Chegou finalmente o Dia D, a hora do ataque frontal à inflação. O governo batalhou nos últimos meses para garantir as condições adequadas ao ataque. Amanhã, com o lançamento da Unidade Real de Valor (URV), começa de fato a transição rumo à nova moeda do Brasil.
Talvez nunca se tenha alcançado, às vésperas de outros planos, condições tão favoráveis do ponto de vista econômico. Em primeiro lugar, destaca-se o nível sem precedentes das reservas internacionais em poder do Banco Central. Isso significa que o governo tem poder de fogo contra os especuladores. Pode aumentar as importações e garantir que as cotações do dólar permaneçam estáveis em termos de URV. É a chamada "âncora cambial".
Quanto às contas públicas, deve-se reconhecer que após vários meses de negociação com o Congresso e outras lideranças, o esforço de aumento da arrecadação e combate à sonegação, o aumento de alíquotas e redução de prazos e o Fundo Social de Emergência também colocam o governo numa situação de vantagem frente às tentativas anteriores de estabilização.
Em muitos "pacotes" anteriores a economia foi sacudida, às vésperas, por tarifaços e maxidesvalorizações cambiais. A muitos sempre pareceu óbvio que iniciar uma etapa de estabilização com uma máxi ou tarifaço era injetar pressões inflacionárias na pior hora. Dessa vez, entretanto, a situação das tarifas públicas é relativamente tranquila. A tal ponto que mesmo convertidas à URV pela média ainda garantem às estatais a saúde financeira indispensável.

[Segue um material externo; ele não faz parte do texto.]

(* Let $R>r>0$ and let $\mathcal{K}^*_{\partial\Omega}$ be the Neumann–Poincaré operator on the Hilbert space $K^{-1/2}_0$ as described in the context. Then $\mathcal{K}^*_{\partial\Omega}$ has only absolutely continuous spectrum, and its spectrum is $[-1/2,1/2]$.
   Context: Identify $\mathbb{R}^2$ with $\mathbb{C}$; for $a\in\mathbb{R}\setminus\{0\}$ let $B_a$ be the open disk of radius $|a|$ centered at $(a,0)$. Fix $R>r>0$, let $\Omega=B_R\setminus\overline{B_r}$ (crescent domain), and put $q=\frac{1}{2r}-\frac{1}{2R}>0$. For $k\neq0$ let $\mathbb{S}(k)=\frac{1}{2|k|}\mathrm{diag}(1-e^{-|k|q},\,1+e^{-|k|q})$ and $\mathbb{K}(k)=\frac12e^{-|k|q}\mathrm{diag}(-1,1)$. $K^{-1/2}_0$ is the Hilbert space of pairs $\hat\varphi=(\hat\varphi_1,\hat\varphi_2)^T$ of measurable complex functions on $\mathbb{R}$ (mod a.e.) with $\int_{\mathbb{R}}\hat\varphi^T\mathbb{S}\overline{\hat\varphi}\,dk<\infty$, inner product $\langle\psi,\varphi\rangle_{-1/2}=\int_{\mathbb{R}}\hat\psi^T\mathbb{S}\overline{\hat\varphi}\,dk$. (In the paper such a pair represents the boundary density $\varphi=U^{-1}P\hat\varphi$ on $\partial\Omega$, with $P=\frac1{\sqrt2}\begin{bmatrix}-1&1\\1&1\end{bmatrix}$ and $U$ the Fourier transform of the density pulled back by $z\mapsto1/z$ to the two vertical lines bounding the image strip.) The Neumann–Poincaré operator $\mathcal{K}^*_{\partial\Omega}$ on $K^{-1/2}_0$ is the multiplication operator $\hat\varphi\mapsto\mathbb{K}\hat\varphi$. *)

theory Defs
  imports "HOL-Analysis.Analysis" "HOL-Probability.Probability"
begin

text \<open>Crescent domain between B_R and B_r, R > r > 0; parameter q = 1/(2r) - 1/(2R).
  Elements of K^{-1/2}_0 are represented by pairs of complex functions on the real line,
  identified modulo Lebesgue-a.e. equality.\<close>

definition crescent_q :: "real \<Rightarrow> real \<Rightarrow> real" where
  "crescent_q r R = 1 / (2 * r) - 1 / (2 * R)"

text \<open>Diagonal entries of the weight matrix S(k) (k \<noteq> 0; the value at k = 0 is irrelevant).\<close>
definition S1 :: "real \<Rightarrow> real \<Rightarrow> real \<Rightarrow> real" where
  "S1 r R k = (1 - exp (- \<bar>k\<bar> * crescent_q r R)) / (2 * \<bar>k\<bar>)"

definition S2 :: "real \<Rightarrow> real \<Rightarrow> real \<Rightarrow> real" where
  "S2 r R k = (1 + exp (- \<bar>k\<bar> * crescent_q r R)) / (2 * \<bar>k\<bar>)"

definition K1 :: "real \<Rightarrow> real \<Rightarrow> real \<Rightarrow> real" where
  "K1 r R k = - (1/2) * exp (- \<bar>k\<bar> * crescent_q r R)"

definition K2 :: "real \<Rightarrow> real \<Rightarrow> real \<Rightarrow> real" where
  "K2 r R k = (1/2) * exp (- \<bar>k\<bar> * crescent_q r R)"

definition Sform :: "real \<Rightarrow> real \<Rightarrow> (real \<Rightarrow> complex \<times> complex) \<Rightarrow> real \<Rightarrow> real" where
  "Sform r R \<phi> k = S1 r R k * (cmod (fst (\<phi> k)))\<^sup>2 + S2 r R k * (cmod (snd (\<phi> k)))\<^sup>2"

definition Kspace :: "real \<Rightarrow> real \<Rightarrow> (real \<Rightarrow> complex \<times> complex) set" where
  "Kspace r R = {\<phi>. \<phi> \<in> borel_measurable lborel \<and> integrable lborel (Sform r R \<phi>)}"

definition Kinner :: "real \<Rightarrow> real \<Rightarrow> (real \<Rightarrow> complex \<times> complex) \<Rightarrow> (real \<Rightarrow> complex \<times> complex) \<Rightarrow> complex" where
  "Kinner r R \<psi> \<phi> = integral\<^sup>L lborel (\<lambda>k.
      complex_of_real (S1 r R k) * fst (\<psi> k) * cnj (fst (\<phi> k))
    + complex_of_real (S2 r R k) * snd (\<psi> k) * cnj (snd (\<phi> k)))"
lemma euler_pow_in_diffops: "euler_pow \<epsilon> n \<in> diffops"
  unfolding euler_pow_def by (induction n) (auto simp only: funpow.simps intro!: id_in_diffops diffops.intros)

definition gen_op :: "complex \<Rightarrow> ygen \<Rightarrow> op" where
  "gen_op \<epsilon> g = (case g of
      YE n \<Rightarrow> euler_pow \<epsilon> n \<circ> op_zinv
    | YF n \<Rightarrow> op_scal (-1) \<circ> op_z \<circ> euler_pow \<epsilon> n
    | YG1 n \<Rightarrow> (if n = 0 then op_scal (- \<epsilon>) \<circ> op_z \<circ> op_d else op_scal 0)
    | YG2 n \<Rightarrow> op_z \<circ> euler_pow \<epsilon> (Suc n) \<circ> op_zinv)"

lemma gen_op_YE: "gen_op \<epsilon> (YE n) v m = (\<epsilon> * of_int m) ^ n * v (m + 1)"
  by (simp add: gen_op_def euler_pow_apply op_zinv_def)

lemma gen_op_YF: "gen_op \<epsilon> (YF n) v m = - ((\<epsilon> * of_int (m - 1)) ^ n * v (m - 1))"
  by (simp add: gen_op_def euler_pow_apply op_z_def op_scal_def)

lemma gen_op_YG1: "gen_op \<epsilon> (YG1 n) v m = (if n = 0 then - \<epsilon> * of_int m * v m else 0)"
  by (simp add: gen_op_def op_z_def op_d_def op_scal_def)

lemma gen_op_YG2: "gen_op \<epsilon> (YG2 n) v m = (\<epsilon> * of_int (m - 1)) ^ Suc n * v m"
  by (simp add: gen_op_def euler_pow_apply op_zinv_def op_z_def)

lemma op_linear_gen_op: "op_linear (gen_op \<epsilon> g)"
proof -
  have "op_linear (op_scal (- \<epsilon>) \<circ> op_z \<circ> op_d)"
    by (simp add: op_linear_def op_scal_def op_z_def op_d_def algebra_simps)
  then show ?thesis
    by (cases g) (simp_all add: gen_op_def op_linear_comp op_linear_scal op_linear_z
        op_linear_zinv op_linear_euler_pow)
qed

lemma gen_op_in_diffops: "gen_op \<epsilon> g \<in> diffops"
  by (cases g) (auto simp: gen_op_def euler_pow_in_diffops intro!: diffops.intros)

Quanto à taxa de câmbio, a performance do comércio exterior brasileiro é a evidência maior de que não há nada de preocupante. Enquanto países já estabilizados como México e Argentina têm dificuldades, sem alcançar posições superavitárias no comércio exterior, o Brasil tem reafirmado uma vocação fortemente competitiva, mesmo sob um ambiente superinflacionário e de incremento das importações.
Finalmente, há as vantagens do compromisso com a liberdade de preços, que vem sendo respeitado pelo governo apesar das dificuldades políticas. É provável que muitos setores tenham formado, ao longo dos últimos meses e semanas, margens de segurança que permitirão não apenas "suportar" a estabilidade, mas principalmente colaborar com ela, à medida que a URV trouxer transparência ao jogo real entre a oferta e a procura.

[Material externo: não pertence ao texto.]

lemma involution_sign_sum_insert:
  assumes pos: "\<forall>x\<in>insert a S. 0 < x" and a_notin: "a \<notin> S" and fin: "finite S"
  shows "involution_sign_sum (insert a S) = 2 * (\<Sum>b\<in>S. involution_sign_sum (S - {b}))"
proof -
  let ?c = "\<lambda>v. (if \<bar>v\<bar> = a then sgn v else 1) * involution_sign_sum (S - {\<bar>v\<bar>})"
  have a_pos: "0 < a" using pos by simp
  have "involution_sign_sum (insert a S) =
      (\<Sum>v\<in>signed_set (insert a S).
         \<Sum>u\<in>{u \<in> signed_involutions (insert a S). u a = v}. sgn (\<Prod>i\<in>insert a S. u i))"
    unfolding involution_sign_sum_def
    by (rule sum.group[symmetric])
      (use fin in \<open>auto intro: finite_signed_set finite_signed_involutions signed_involution_mem
         simp: in_signed_set_iff\<close>)
  also have "\<dots> = (\<Sum>v\<in>signed_set (insert a S). ?c v)"
    using sum_sgn_prod_fiber[OF pos a_notin _ fin] by (intro sum.cong) auto
  also have "signed_set (insert a S) = {a, - a} \<union> (S \<union> uminus ` S)"
    unfolding signed_set_def by auto
  also have "(\<Sum>v\<in>{a, - a} \<union> (S \<union> uminus ` S). ?c v) =
      ?c a + ?c (- a) + (\<Sum>v\<in>S. ?c v) + (\<Sum>v\<in>uminus ` S. ?c v)"
  proof -
    have "{a, - a} \<inter> (S \<union> uminus ` S) = {}" using pos a_notin by force
    moreover have "S \<inter> uminus ` S = {}"
      using pos by (auto simp: image_iff) (metis insertCI less_asym neg_less_0_iff_less)
    ultimately show ?thesis using fin a_pos by (simp add: sum.union_disjoint)
  qed
  also have "(\<Sum>v\<in>uminus ` S. ?c v) = (\<Sum>b\<in>S. involution_sign_sum (S - {b}))"
    using pos a_notin by (simp add: sum.reindex inj_on_def) (intro sum.cong; auto)
  also have "(\<Sum>v\<in>S. ?c v) = (\<Sum>b\<in>S. involution_sign_sum (S - {b}))"
    using pos a_notin by (intro sum.cong) auto
  finally show ?thesis using a_pos by simp
qed

fun involution_sign_sum_nat :: "nat \<Rightarrow> int" where
  "involution_sign_sum_nat 0 = 1"
| "involution_sign_sum_nat (Suc 0) = 0"
| "involution_sign_sum_nat (Suc (Suc m)) = 2 * int (Suc m) * involution_sign_sum_nat m"

lemma involution_sign_sum_eq_nat:
  "finite S \<Longrightarrow> \<forall>x\<in>S. 0 < x \<Longrightarrow> card S = n \<Longrightarrow> involution_sign_sum S = involution_sign_sum_nat n"
proof (induction n arbitrary: S rule: involution_sign_sum_nat.induct)
  case 1
  then show ?case by (simp add: involution_sign_sum_empty)
next
  case 2
  then obtain a where "S = {a}" by (metis One_nat_def card_1_singletonE)
  then show ?case using 2 involution_sign_sum_insert[of a "{}"] by simp
next
  case (3 m)
  then obtain a S0 where S: "S = insert a S0" and a_notin: "a \<notin> S0" and card_S0: "card S0 = Suc m"
    by (metis card_Suc_eq)
  have fin: "finite S0" using "3.prems" S by simp
  have "involution_sign_sum (S0 - {b}) = involution_sign_sum_nat m" if "b \<in> S0" for b
    using that "3.IH"[of "S0 - {b}"] "3.prems" S fin card_S0 by simp
  then show ?case
    using involution_sign_sum_insert[of a S0] "3.prems" S a_notin fin card_S0 by simp
qed

lemma involution_sign_sum_nat_eq:
  "involution_sign_sum_nat n = (if odd n then 0 else 2 ^ (n div 2) * int (dfact (n - 1)))"
proof (induction n rule: involution_sign_sum_nat.induct)
  case (3 m)
  then show ?case by (cases m) (auto simp: algebra_simps)
qed simp_all

lemma signed_set_atLeastAtMost: "signed_set {1 .. int n} = {- int n .. int n} - {0}"
  by (auto simp: in_signed_set_iff)

lemma involutions_typeB: "{w \<in> typeB n. w \<circ> w = id} = signed_involutions {1 .. int n}"
proof -
  have "w \<circ> w = id \<longleftrightarrow> (\<forall>x. w (w x) = x)" for w :: "int \<Rightarrow> int"
    by (auto simp: fun_eq_iff)
  then show ?thesis
    unfolding typeB_def signed_involutions_def signed_set_atLeastAtMost[symmetric]
    using signed_involution_permutes unfolding signed_involutions_def permutes_def by blast
qed

lemma involutions_typeD:
  "{w \<in> typeD n. w \<circ> w = id} = {w \<in> signed_involutions {1 .. int n}. 0 < (\<Prod>i\<in>{1 .. int n}. w i)}"
  using involutions_typeB[of n] unfolding typeD_def by auto

theorem lemma5p13:
  fixes n :: nat
  assumes "n \<ge> 1"
  shows "2 * int (num_involutions (typeD n)) - int (num_involutions (typeB n)) =
           (if odd n then 0 else 2 ^ (n div 2) * int (dfact (n - 1)))
       \<and> (even n \<longrightarrow> real (2 ^ (n div 2) * dfact (n - 1)) = fact n / fact (n div 2))
       \<and> num_involutions (typeD n) \<le> num_involutions (typeB n)
       \<and> num_involutions (typeB n) \<le> 2 * num_involutions (typeD n)"
proof -
  let ?S = "{1 .. int n}"
  let ?I = "signed_involutions ?S"
  let ?I_pos = "{w \<in> ?I. 0 < (\<Prod>i\<in>?S. w i)}"
  have card_B: "num_involutions (typeB n) = card ?I"
    unfolding num_involutions_def involutions_typeB ..
  have card_D: "num_involutions (typeD n) = card ?I_pos"
    unfolding num_involutions_def involutions_typeD ..
  have "(\<Prod>i\<in>?S. w i) \<noteq> 0" if "w \<in> ?I" for w
    using signed_involution_prod_nonzero[OF that] by simp
  then have "2 * int (card ?I_pos) - int (card ?I) = involution_sign_sum ?S"
    unfolding involution_sign_sum_def
    by (intro sum_sgn_eq_card[symmetric] finite_signed_involutions) auto
  also have "\<dots> = (if odd n then 0 else 2 ^ (n div 2) * int (dfact (n - 1)))"
    by (simp add: involution_sign_sum_eq_nat involution_sign_sum_nat_eq)
  finally have balance: "2 * int (card ?I_pos) - int (card ?I) =
      (if odd n then 0 else 2 ^ (n div 2) * int (dfact (n - 1)))" .
  have "card ?I_pos \<le> card ?I"
    by (intro card_mono finite_signed_involutions) auto
  moreover have "even n \<longrightarrow> real (2 ^ (n div 2) * dfact (n - 1)) = fact n / fact (n div 2)"
    using dfact_eq_fact_div[of "n div 2"] by auto
  moreover have "0 \<le> (if odd n then 0 else 2 ^ (n div 2) * int (dfact (n - 1)))"
    by simp
  ultimately show ?thesis
    using balance unfolding card_B card_D by linarith
qed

Há expectativas de que a demanda permaneça contida. Justamente o contrário de planos anteriores (como o Cruzado), quando se tentava estabilizar a economia com demanda aquecida. A perspectiva de juros reais ainda mais elevados nas próximas semanas reforça a impressão de que, a partir de agora, as empresas vão operar numa economia com salários estabilizados na média e mercados incapazes de sancionar puxadas de preços.
Com todos esses fatores favoráveis, não há quem duvide da capacidade do governo de obter considerável sucesso no curto e mesmo no médio prazo. A fase de transição entre a URV e a nova moeda, cuja duração pode alcançar até 90 dias, culminaria portanto numa inflação bastante baixa -medida em URVs.
Entretanto, cabe aqui uma dúvida legítima, presente na consciência de milhões de brasileiros que já tiveram de suportar as mais mirabolantes experiências de política econômica. Ninguém duvida da capacidade do governo de derrubar a inflação. Isso já ocorreu várias vezes. Mas o Dia D é também o dia em que se renova a dúvida: a inflação baixa, mas até quando?
Amanhã, a sociedade ingressará nessa nova experiência com o entusiasmo condicionado por essa dúvida. Inquietação, aliás, justificada não apenas pelo passado como por uma fragilidade das circunstâncias a que é bom estar atento. Fragilidade, antes de tudo, política, como revelam as sucessivas dificuldades no encaminhamento do ajuste fiscal e que estão ainda longe de se esgotar. Qual será o valor do salário mínimo e que impactos terá sobre o Orçamento de 1994? Quando será esse mesmo Orçamento aprovado pelo Congresso? Quais as reais perspectivas de aumento da arrecadação num ano de crescimento econômico mais modesto? Como o governo tratará a entrada de recursos externos, com impactos inflacionários? E qual a credibilidade do compromisso com a austeridade num ano eleitoral que promete disputas de virulência indisfarçável?
São incertezas, tanto técnicas quanto políticas, que se devem contrapor com rigor às vantagens da situação atual frente a tentativas anteriores. Para que as dúvidas desse Dia D decisivo não venham a ser, mais uma vez, também o prenúncio de uma grande decepção.